(Stored data entries)
= = = = =

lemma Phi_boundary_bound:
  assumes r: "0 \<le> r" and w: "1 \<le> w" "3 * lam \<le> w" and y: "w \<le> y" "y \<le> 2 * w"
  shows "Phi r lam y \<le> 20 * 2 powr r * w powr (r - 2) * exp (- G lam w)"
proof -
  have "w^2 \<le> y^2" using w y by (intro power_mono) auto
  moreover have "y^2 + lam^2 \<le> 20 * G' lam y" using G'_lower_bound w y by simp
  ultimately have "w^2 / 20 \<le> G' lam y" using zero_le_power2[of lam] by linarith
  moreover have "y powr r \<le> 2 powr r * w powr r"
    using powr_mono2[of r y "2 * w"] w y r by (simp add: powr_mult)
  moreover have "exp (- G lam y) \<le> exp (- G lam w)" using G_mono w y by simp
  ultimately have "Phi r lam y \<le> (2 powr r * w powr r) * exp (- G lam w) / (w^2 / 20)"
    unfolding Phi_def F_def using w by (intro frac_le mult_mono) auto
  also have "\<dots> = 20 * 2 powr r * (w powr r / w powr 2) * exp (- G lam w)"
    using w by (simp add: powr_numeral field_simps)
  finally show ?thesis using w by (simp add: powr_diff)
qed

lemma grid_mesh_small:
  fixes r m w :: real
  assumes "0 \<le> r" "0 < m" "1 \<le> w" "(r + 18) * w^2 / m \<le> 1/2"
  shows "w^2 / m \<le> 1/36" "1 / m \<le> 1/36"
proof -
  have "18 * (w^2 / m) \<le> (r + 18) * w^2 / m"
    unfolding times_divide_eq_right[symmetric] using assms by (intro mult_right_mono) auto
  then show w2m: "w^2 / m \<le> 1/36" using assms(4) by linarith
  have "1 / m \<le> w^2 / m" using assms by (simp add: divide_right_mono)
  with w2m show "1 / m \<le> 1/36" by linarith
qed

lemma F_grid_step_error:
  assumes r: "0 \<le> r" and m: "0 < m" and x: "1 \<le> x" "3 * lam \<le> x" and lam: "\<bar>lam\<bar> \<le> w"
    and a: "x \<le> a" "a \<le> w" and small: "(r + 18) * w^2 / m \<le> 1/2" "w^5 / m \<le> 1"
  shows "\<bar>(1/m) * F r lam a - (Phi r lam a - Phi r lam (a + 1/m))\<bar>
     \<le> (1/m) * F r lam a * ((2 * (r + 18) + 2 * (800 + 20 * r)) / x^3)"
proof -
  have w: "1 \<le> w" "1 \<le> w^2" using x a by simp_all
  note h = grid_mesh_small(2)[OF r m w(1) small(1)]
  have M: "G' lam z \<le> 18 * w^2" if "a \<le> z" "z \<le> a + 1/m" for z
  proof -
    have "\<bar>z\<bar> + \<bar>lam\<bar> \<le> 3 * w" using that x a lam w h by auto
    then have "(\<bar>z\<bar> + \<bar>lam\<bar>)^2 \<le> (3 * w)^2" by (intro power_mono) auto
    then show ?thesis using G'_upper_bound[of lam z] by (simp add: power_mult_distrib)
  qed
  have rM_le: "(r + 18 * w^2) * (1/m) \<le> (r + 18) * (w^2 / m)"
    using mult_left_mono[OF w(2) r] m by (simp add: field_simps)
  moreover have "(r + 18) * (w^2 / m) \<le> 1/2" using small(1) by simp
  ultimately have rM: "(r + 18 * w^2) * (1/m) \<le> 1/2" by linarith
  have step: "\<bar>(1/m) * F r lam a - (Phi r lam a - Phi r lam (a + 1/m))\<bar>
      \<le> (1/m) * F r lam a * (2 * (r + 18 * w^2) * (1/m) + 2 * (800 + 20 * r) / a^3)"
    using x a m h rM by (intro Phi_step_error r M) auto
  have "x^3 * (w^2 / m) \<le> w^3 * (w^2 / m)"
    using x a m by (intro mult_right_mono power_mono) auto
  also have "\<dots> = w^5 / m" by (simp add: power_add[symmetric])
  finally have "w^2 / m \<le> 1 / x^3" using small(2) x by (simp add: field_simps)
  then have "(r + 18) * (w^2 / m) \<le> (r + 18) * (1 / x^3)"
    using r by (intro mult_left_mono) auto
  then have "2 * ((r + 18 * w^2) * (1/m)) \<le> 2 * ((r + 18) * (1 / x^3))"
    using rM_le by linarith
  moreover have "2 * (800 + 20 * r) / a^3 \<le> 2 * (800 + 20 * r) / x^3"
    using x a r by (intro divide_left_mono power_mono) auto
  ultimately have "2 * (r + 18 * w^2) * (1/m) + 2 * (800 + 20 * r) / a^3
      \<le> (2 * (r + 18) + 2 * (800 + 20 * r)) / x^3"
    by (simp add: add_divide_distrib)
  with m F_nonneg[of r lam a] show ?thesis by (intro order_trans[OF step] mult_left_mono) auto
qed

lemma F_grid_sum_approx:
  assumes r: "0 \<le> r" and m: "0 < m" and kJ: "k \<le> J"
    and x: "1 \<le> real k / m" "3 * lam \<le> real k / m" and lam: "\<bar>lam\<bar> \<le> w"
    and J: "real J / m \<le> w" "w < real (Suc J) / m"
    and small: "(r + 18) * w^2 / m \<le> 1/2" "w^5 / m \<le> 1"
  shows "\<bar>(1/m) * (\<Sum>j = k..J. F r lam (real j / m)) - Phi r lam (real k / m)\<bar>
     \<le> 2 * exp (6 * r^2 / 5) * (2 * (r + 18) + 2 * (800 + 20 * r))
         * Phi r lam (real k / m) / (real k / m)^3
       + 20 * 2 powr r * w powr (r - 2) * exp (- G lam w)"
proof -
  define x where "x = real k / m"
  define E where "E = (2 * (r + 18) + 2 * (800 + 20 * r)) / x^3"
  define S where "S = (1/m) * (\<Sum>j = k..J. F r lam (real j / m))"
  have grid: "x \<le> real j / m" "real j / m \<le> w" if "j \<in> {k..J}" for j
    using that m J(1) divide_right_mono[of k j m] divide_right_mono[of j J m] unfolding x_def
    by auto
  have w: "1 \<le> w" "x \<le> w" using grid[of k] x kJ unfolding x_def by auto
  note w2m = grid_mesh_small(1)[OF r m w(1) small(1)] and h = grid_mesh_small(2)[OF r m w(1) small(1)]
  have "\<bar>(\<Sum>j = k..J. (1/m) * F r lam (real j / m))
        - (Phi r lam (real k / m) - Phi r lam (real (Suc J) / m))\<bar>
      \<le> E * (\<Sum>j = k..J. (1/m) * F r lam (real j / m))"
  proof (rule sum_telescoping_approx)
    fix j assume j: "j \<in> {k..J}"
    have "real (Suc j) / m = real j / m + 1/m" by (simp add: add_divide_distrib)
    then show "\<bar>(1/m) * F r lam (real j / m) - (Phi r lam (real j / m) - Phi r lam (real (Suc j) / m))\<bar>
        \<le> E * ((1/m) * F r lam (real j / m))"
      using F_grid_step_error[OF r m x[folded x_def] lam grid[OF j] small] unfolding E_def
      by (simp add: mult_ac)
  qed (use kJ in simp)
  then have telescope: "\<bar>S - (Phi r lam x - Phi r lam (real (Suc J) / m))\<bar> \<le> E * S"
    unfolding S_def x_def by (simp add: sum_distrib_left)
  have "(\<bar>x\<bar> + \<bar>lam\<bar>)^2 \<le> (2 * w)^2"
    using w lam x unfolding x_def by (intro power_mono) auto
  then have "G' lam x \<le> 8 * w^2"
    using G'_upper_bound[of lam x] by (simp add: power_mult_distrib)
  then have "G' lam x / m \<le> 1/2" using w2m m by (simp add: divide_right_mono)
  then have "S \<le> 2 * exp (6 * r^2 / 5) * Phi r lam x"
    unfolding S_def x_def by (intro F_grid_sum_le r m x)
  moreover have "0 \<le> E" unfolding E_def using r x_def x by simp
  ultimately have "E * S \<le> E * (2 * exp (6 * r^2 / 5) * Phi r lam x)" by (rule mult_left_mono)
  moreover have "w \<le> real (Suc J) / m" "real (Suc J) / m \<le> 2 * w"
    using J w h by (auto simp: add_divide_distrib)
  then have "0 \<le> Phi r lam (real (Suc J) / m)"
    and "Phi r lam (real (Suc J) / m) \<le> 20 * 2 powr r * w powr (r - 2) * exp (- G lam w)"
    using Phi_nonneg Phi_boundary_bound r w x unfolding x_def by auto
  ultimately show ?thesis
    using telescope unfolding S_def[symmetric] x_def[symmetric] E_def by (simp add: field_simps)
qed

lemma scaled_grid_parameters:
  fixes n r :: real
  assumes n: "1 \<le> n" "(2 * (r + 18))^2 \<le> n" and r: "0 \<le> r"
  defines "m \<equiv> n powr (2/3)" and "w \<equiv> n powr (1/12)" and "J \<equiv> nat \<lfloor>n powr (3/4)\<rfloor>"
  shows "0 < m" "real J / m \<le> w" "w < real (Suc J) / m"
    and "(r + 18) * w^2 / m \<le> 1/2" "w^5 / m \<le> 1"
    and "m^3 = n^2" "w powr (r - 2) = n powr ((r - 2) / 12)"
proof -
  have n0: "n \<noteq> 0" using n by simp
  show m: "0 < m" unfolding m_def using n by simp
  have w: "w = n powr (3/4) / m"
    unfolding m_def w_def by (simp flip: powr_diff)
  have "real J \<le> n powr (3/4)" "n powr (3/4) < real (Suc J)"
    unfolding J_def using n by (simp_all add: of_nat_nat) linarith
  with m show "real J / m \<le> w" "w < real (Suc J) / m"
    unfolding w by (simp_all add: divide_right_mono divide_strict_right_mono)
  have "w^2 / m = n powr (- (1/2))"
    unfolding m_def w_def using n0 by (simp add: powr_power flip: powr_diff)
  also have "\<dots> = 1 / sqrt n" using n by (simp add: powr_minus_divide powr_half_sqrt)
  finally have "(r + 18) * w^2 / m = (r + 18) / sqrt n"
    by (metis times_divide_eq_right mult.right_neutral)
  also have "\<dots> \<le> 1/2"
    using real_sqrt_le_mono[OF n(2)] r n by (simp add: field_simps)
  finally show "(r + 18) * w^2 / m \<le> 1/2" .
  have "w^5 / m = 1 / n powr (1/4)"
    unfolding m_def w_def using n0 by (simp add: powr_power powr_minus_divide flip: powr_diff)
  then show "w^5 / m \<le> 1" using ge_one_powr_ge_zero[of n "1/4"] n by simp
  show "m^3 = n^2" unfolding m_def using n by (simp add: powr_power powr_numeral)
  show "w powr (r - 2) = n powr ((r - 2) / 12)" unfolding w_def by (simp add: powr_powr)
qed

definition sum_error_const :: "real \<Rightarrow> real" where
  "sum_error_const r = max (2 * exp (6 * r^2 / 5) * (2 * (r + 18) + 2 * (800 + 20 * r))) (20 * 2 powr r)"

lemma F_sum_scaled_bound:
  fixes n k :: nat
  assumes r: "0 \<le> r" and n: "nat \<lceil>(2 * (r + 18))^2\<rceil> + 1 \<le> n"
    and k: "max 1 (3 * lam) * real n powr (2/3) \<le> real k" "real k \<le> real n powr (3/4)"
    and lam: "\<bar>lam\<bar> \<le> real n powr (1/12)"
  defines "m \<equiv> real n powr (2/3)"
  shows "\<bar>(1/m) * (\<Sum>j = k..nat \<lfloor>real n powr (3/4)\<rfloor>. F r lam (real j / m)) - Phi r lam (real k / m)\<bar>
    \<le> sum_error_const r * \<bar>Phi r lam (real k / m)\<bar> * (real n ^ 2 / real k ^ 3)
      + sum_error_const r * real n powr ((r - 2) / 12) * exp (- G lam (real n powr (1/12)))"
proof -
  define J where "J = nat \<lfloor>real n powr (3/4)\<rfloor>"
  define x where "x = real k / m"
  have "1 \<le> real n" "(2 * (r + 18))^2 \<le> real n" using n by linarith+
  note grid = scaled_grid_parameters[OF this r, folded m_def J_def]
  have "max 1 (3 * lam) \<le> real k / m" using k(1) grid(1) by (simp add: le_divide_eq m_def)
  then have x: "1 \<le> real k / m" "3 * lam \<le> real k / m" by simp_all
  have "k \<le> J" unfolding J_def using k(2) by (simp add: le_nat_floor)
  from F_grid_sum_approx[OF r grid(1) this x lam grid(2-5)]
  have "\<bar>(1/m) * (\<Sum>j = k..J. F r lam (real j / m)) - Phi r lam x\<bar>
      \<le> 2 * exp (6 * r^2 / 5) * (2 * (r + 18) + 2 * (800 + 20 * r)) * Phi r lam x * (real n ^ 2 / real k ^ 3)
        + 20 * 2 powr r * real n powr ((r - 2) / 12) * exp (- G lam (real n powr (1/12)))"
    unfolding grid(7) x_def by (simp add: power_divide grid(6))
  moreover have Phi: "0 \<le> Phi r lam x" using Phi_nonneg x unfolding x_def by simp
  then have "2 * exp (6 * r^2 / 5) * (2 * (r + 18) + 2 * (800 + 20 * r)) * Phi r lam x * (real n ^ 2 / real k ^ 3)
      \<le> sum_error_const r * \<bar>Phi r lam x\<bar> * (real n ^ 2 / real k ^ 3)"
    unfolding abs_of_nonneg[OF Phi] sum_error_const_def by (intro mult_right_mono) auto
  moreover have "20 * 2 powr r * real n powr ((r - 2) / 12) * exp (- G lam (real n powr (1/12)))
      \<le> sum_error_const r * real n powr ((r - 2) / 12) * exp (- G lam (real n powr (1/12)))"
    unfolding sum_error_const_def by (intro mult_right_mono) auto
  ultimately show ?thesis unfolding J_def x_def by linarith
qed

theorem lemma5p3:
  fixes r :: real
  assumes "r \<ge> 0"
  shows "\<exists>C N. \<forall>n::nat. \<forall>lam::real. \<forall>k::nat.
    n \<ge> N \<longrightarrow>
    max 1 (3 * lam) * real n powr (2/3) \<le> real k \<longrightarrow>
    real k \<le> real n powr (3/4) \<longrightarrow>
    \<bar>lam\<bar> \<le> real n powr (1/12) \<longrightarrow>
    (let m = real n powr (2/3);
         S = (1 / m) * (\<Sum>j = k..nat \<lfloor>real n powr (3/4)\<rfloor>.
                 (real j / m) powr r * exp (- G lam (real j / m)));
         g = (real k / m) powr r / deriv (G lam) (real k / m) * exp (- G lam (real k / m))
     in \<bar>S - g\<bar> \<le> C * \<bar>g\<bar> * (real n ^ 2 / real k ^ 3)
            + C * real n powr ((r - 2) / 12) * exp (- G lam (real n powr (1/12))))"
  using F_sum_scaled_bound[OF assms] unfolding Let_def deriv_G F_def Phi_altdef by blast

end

= = = = =

Your assignment
Show the lines above with "folded".

Task solution
      using F_grid_step_error[OF r m x[folded x_def] lam grid[OF j] small] unfolding E_def
  note grid = scaled_grid_parameters[OF this r, folded m_def J_def]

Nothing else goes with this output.